Festivals classiques: un mécène sinon rien

Par Dominique Rosset - Mis en ligne le 10.07.2008 à 00:00

Musique. Epoux fidèles ou amants volages? Banquiers, horlogers ou prestataires de service ont leurs noms associés aux affiches des festivals classiques. Mais quel rôle tiennent-ils au juste?

La rumeur a couru, propagée comme il se doit avec un mélange de curiosité et d’inquiétude: le divorce serait imminent entre le géant des sous et celui des sons, l’UBS s’apprêterait à lâcher le Festival de Verbier auquel elle est intimement associée depuis ses débuts, en 1994.
Rien de plus faux: la banque demeure bel et bien sponsor du festival des Alpes valaisannes aux côtés d’autres partenaires, le contrat court jusqu’en 2010, peut-être même au delà. Ce qui s’avère, en revanche, est que la banque quittera en fin d’année la fondation indépendante de l’UBS Verbier Festival Orchestra, antenne de la manifestation qui, formée de jeunes musiciens, donne une tournée de concerts dans le prolongement de chaque édition estivale.
«La décision n’était pas facile à prendre, relève Patrick Simeons, Co-Head of cultural sponsorship à l’UBS. Nous restons convaincus que la formule est bonne, mais nous n’avons pas pu nous mettre d’accord avec les autres partenaires de l’orchestre sur une vision commune de son développement.»
Désaccord à l’amiable, donc, et rien qui remette en cause l’existence du tandem estival puisque, comme le remarque l’administratrice Kim Gaynor, «il est tout à fait normal et courant qu’un sponsor redéfinisse les modalités d’un contrat», lequel se conclut en général pour des périodes allant de trois à cinq ans.

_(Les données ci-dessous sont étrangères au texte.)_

text \<open>Distinct projective points are separated by a hyperplane: with a the leading index of x
  and b that of y - y_a x, the functional u_b - x_b u_a (u_i the unit vectors) kills x but
  not y.\<close>

lemma normalized_separation:
  assumes x: "x \<in> normalized k" and y: "y \<in> normalized k" and "x \<noteq> y"
  shows "\<exists>r\<in>normalized k. dotp k x r = 0 \<and> dotp k y r \<noteq> 0"
proof -
  define a where "a = lead_index x"
  have xa: "x a = 1" and ak: "a < k"
    using x by (simp_all add: normalized_def a_def normalized_lead_index_less)
  define c where "c = y a"
  define z where "z = y - fscale c x"
  have "z \<noteq> 0"
  proof
    assume "z = 0"
    then have yx: "y = fscale c x"
      by (simp add: z_def)
    have "c \<noteq> 0"
      using y yx by (auto simp: normalized_def fscale_def fun_eq_iff)
    then have "lead_index y = a"
      using yx by (simp add: lead_index_fscale a_def)
    then have "c = 1"
      using y xa yx by (simp add: normalized_def fscale_def)
    then show False
      using yx \<open>x \<noteq> y\<close> by (simp add: fscale_def)
  qed
  moreover have "z \<in> ambient k"
    using x y by (auto simp: z_def ambient_def normalized_def fscale_def)
  ultimately have zb: "z (lead_index z) \<noteq> 0" and bk: "lead_index z < k"
    by (simp_all add: lead_index_nonzero lead_index_less)
  define b where "b = lead_index z"
  define r0 where "r0 = unit_vec b - fscale (x b) (unit_vec a)"
  have x_r0: "dotp k x r0 = 0"
    using ak bk xa
    by (simp add: r0_def b_def dotp_diff_right dotp_fscale_right dotp_unit_vec_right)
  have "dotp k y r0 = y b - x b * c"
    using ak bk
    by (simp add: r0_def b_def c_def dotp_diff_right dotp_fscale_right dotp_unit_vec_right)
  also have "\<dots> = z b"
    by (simp add: z_def fscale_def mult.commute)
  finally have y_r0: "dotp k y r0 = z b" .
  have "r0 \<in> ambient k"
    using ak bk by (simp add: r0_def b_def ambient_def unit_vec_def fscale_def)
  moreover have "r0 \<noteq> 0"
    using y_r0 zb by (auto simp: dotp_def b_def)
  ultimately obtain c r where "c \<noteq> 0" "r \<in> normalized k" "r0 = fscale c r"
    by (rule ex_fscale_normalized)
  then show ?thesis
    using x_r0 y_r0 zb by (auto simp: dotp_fscale_right b_def)
qed

lemma sum_power2_eq_horner_sum:
  assumes "A \<subseteq> {..<m}"
  shows "(\<Sum>i\<in>A. (2::nat) ^ i) = horner_sum of_bool 2 (map (\<lambda>i. i \<in> A) [0..<m])"
proof -
  have "(\<Sum>i\<in>A. (2::nat) ^ i) = (\<Sum>i=0..<m. of_bool (i \<in> A) * 2 ^ i)"
    using assms by (simp add: sum.If_cases inf.absorb2 atLeast0LessThan flip: of_bool_def)
  then show ?thesis
    by (simp add: horner_sum_eq_sum)
qed

lemma bit_sum_power2_iff:
  assumes "finite A"
  shows "bit (\<Sum>i\<in>A. (2::nat) ^ i) n \<longleftrightarrow> n \<in> A"
proof -
  obtain m where "A \<subseteq> {..<m}"
    using assms by (auto simp: finite_nat_set_iff_bounded)
  then show ?thesis
    by (auto simp: sum_power2_eq_horner_sum bit_horner_sum_bit_iff)
qed

lemma inj_on_sum_power2: "inj_on (\<lambda>A. \<Sum>i\<in>A. (2::nat) ^ i) {A. finite A}"
  by (rule inj_onI) (metis bit_sum_power2_iff mem_Collect_eq subsetI subset_antisym)

definition block :: "nat \<Rightarrow> nat set" where
  "block i = {2 ^ i - 1 ..< 2 ^ Suc i - 1}"

lemma finite_block: "finite (block i)"
  by (simp add: block_def)

lemma card_block: "card (block i) = 2 ^ i"
proof -
  have "(1::nat) \<le> 2 ^ i"
    by simp
  then show ?thesis
    by (simp add: block_def)
qed

lemma UN_block: "(\<Union>i<t. block i) = {..<2 ^ t - 1}"
proof (induction t)
  case (Suc t)
  have "(1::nat) \<le> 2 ^ t"
    by simp
  then have "{..<2 ^ t - 1} \<union> block t = {..<2 ^ Suc t - 1}"
    by (auto simp: block_def)
  with Suc show ?case
    by (simp add: lessThan_Suc Un_commute)
qed simp

lemma mem_block_less: "i < t \<Longrightarrow> j \<in> block i \<Longrightarrow> j < 2 ^ t - 1"
  using UN_block[of t] by blast

lemma ex_block_mem: "j < 2 ^ t - 1 \<Longrightarrow> \<exists>i<t. j \<in> block i"
  using UN_block[of t] by blast

lemma block_disjoint:
  assumes "i \<noteq> i'"
  shows "block i \<inter> block i' = {}"
proof -
  have "block i \<inter> block i' = {}" if "i < i'" for i i'
  proof -
    have "(2::nat) ^ Suc i \<le> 2 ^ i'"
      using that by (intro power_increasing) auto
    then show ?thesis
      by (auto simp: block_def)
  qed
  with assms show ?thesis
    by (metis Int_commute linorder_neqE_nat)
qed

definition blowup :: "nat \<Rightarrow> (nat \<Rightarrow> 'a::comm_monoid_add) \<Rightarrow> nat \<Rightarrow> 'a" where
  "blowup t v = (\<lambda>j. \<Sum>i<t. if j \<in> block i then v i else 0)"

lemma blowup_block:
  assumes "i < t" "j \<in> block i"
  shows "blowup t v j = v i"
proof -
  have "blowup t v j = (\<Sum>i'<t. if i' = i then v i else 0)"
    unfolding blowup_def using assms block_disjoint by (intro sum.cong) auto
  with assms show ?thesis
    by simp
qed

lemma blowup_in_ambient: "blowup t v \<in> ambient (2 ^ t - 1)"
  using mem_block_less by (fastforce simp: ambient_def blowup_def intro!: sum.neutral)

lemma blowup_eq_0D:
  assumes "blowup t v = 0" "i < t"
  shows "v i = 0"
proof -
  have "(1::nat) \<le> 2 ^ i"
    by simp
  then have "2 ^ i - 1 \<in> block i"
    unfolding block_def by (simp, linarith)
  then show ?thesis
    using assms blowup_block by (metis zero_fun_apply)
qed

lemma hweight_blowup: "hweight (2 ^ t - 1) (blowup t v) = (\<Sum>i | i < t \<and> v i \<noteq> 0. 2 ^ i)"
proof -
  have "{j. j < 2 ^ t - 1 \<and> blowup t v j \<noteq> 0} = (\<Union>i\<in>{i. i < t \<and> v i \<noteq> 0}. block i)"
    using ex_block_mem mem_block_less by (fastforce simp: blowup_block)
  moreover have "card (\<Union>i\<in>{i. i < t \<and> v i \<noteq> 0}. block i)
      = (\<Sum>i | i < t \<and> v i \<noteq> 0. card (block i))"
    by (rule card_UN_disjoint) (auto simp: finite_block block_disjoint)
  ultimately show ?thesis
    by (simp add: hweight_def card_block)
qed

lemma blowup_add: "blowup t (v + w) = blowup t v + blowup t w"
  by (auto simp: blowup_def fun_eq_iff sum.distrib[symmetric] intro!: sum.cong)

lemma blowup_fscale: "blowup t (fscale c v) = fscale c (blowup t v)"
  by (auto simp: blowup_def fun_eq_iff fscale_def sum_distrib_left intro!: sum.cong)

definition blowup_enc ::
    "nat \<Rightarrow> nat \<Rightarrow> (nat \<Rightarrow> nat \<Rightarrow> 'a::field) \<Rightarrow> (nat \<Rightarrow> 'a) \<Rightarrow> nat \<Rightarrow> 'a" where
  "blowup_enc k t e x = blowup t (\<lambda>i. dotp k x (e i))"

definition simplex_support ::
    "nat \<Rightarrow> nat \<Rightarrow> (nat \<Rightarrow> nat \<Rightarrow> 'a::field) \<Rightarrow> (nat \<Rightarrow> 'a) \<Rightarrow> nat set" where
  "simplex_support k t e x = {i. i < t \<and> dotp k x (e i) \<noteq> 0}"

lemma module_hom_blowup_enc: "module_hom fscale fscale (blowup_enc k t e)"
proof -
  have "(\<lambda>i. dotp k (x + y) (e i)) = (\<lambda>i. dotp k x (e i)) + (\<lambda>i. dotp k y (e i))"
    and "(\<lambda>i. dotp k (fscale c x) (e i)) = fscale c (\<lambda>i. dotp k x (e i))" for x y c
    by (simp_all add: fun_eq_iff dotp_add_left dotp_fscale_left
        fscale_def[of c "\<lambda>i. dotp k x (e i)"])
  then show ?thesis
    using fs.module_axioms by (simp add: module_hom_iff blowup_enc_def blowup_add blowup_fscale)
qed

lemma blowup_enc_zero: "blowup_enc k t e 0 = 0"
  by (simp add: blowup_enc_def blowup_def dotp_def fun_eq_iff)

lemma hweight_blowup_enc:
  "hweight (2 ^ t - 1) (blowup_enc k t e x) = (\<Sum>i\<in>simplex_support k t e x. 2 ^ i)"
  unfolding blowup_enc_def simplex_support_def by (rule hweight_blowup)

lemma finite_simplex_support: "finite (simplex_support k t e x)"
  by (simp add: simplex_support_def)

lemma simplex_support_fscale:
  "c \<noteq> 0 \<Longrightarrow> simplex_support k t e (fscale c x) = simplex_support k t e x"
  by (simp add: simplex_support_def dotp_fscale_left)

context
  fixes k t :: nat and e :: "nat \<Rightarrow> nat \<Rightarrow> 'a::field"
  assumes enum: "bij_betw e {..<t} (normalized k)"
begin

Impératifs d’image. Les nouvelles structures de l’orchestre de Verbier seront dévoilées dans le courant de l’été. Quant à l’UBS, elle n’a pas supprimé le poste «orchestre et soutien aux jeunes talents» de son budget sponsoring: elle va sans doute le transplanter – à Lucerne peut-être – parce que, décidément, la musique classique n’a rien de ringard ou de dépassé aux yeux des sponsors argentés. Elle permet en effet, dans une atmosphère intense et feutrée, de concilier des impératifs d’image et de notoriété tout en offrant du plaisir, des émotions et du rêve à la clientèle aussi bien qu’aux collaborateurs.
«Sponsoriser un festival classique est incontestablement rentable en terme de rayonnement, de mise en réseau de notre clientèle et d’adéquation, s’exclame le porte-parole de HSBC Private Bank, sponsor privilégié du Festival Menuhin, à Gstaad. Mais la dimension mécénat est également présente. C’est par passion personnelle que le directeur de la banque s’est impliqué dans l’aventure en 2003, alors que le festival commençait juste à sortir d’une série d’années noires.»

Contrat de confiance. Christoph Müller, 32 ans à l’époque, venait d’être nommé à la direction artistique. Il confirme l’importance qu’a revêtue pour lui ce contrat de confiance: «Cela m’a permis d’atteindre rapidement mes objectifs artistiques et de donner au festival sa visibilité et sa personnalité propre», ce qui s’est traduit par une hausse spectaculaire de la fréquentation. Sans oublier un partenariat longue durée avec le London Symphony Orchestra dans lequel le directeur de la banque s’est impliqué en personne.
Le recours à des sponsors influence évidemment l’offre et l’affiche. Nouvellement installé aux commandes du Septembre musical (ex-Festival de Montreux Vevey laissé exsangue par son précédent directeur) et bien décidé à lui redonner pep et prestige, Tobias Richter base sa stratégie de renaissance sur l’attrait touristique de la Riviera – tant pour le public que pour les artistes – la diversité des salles de concert à disposition et les synergies à établir entre les interprètes et orchestres suisses réputés – il réunit ainsi, lors d’un même concert, l’Orchestre de la Tonhalle et l’OSR et, autre coup d’éclat, invite le chef Charles Dutoit. Et, bien sûr, il opte pour des programmes grand public: «On pourrait effectivement être plus audacieux dans le choix des compositeurs, mais j’ai voulu d’abord fidéliser les gens, leur redonner envie et confiance pour, en parallèle, reconstruire le réseau de nos partenaires.» La démarche entreprise il y a trois ans porte déjà ses fruits mais elle n’est pas aisée et rien n’est jamais gagné: les festivals sont des organismes vivants qui peuvent rapidement tomber malades...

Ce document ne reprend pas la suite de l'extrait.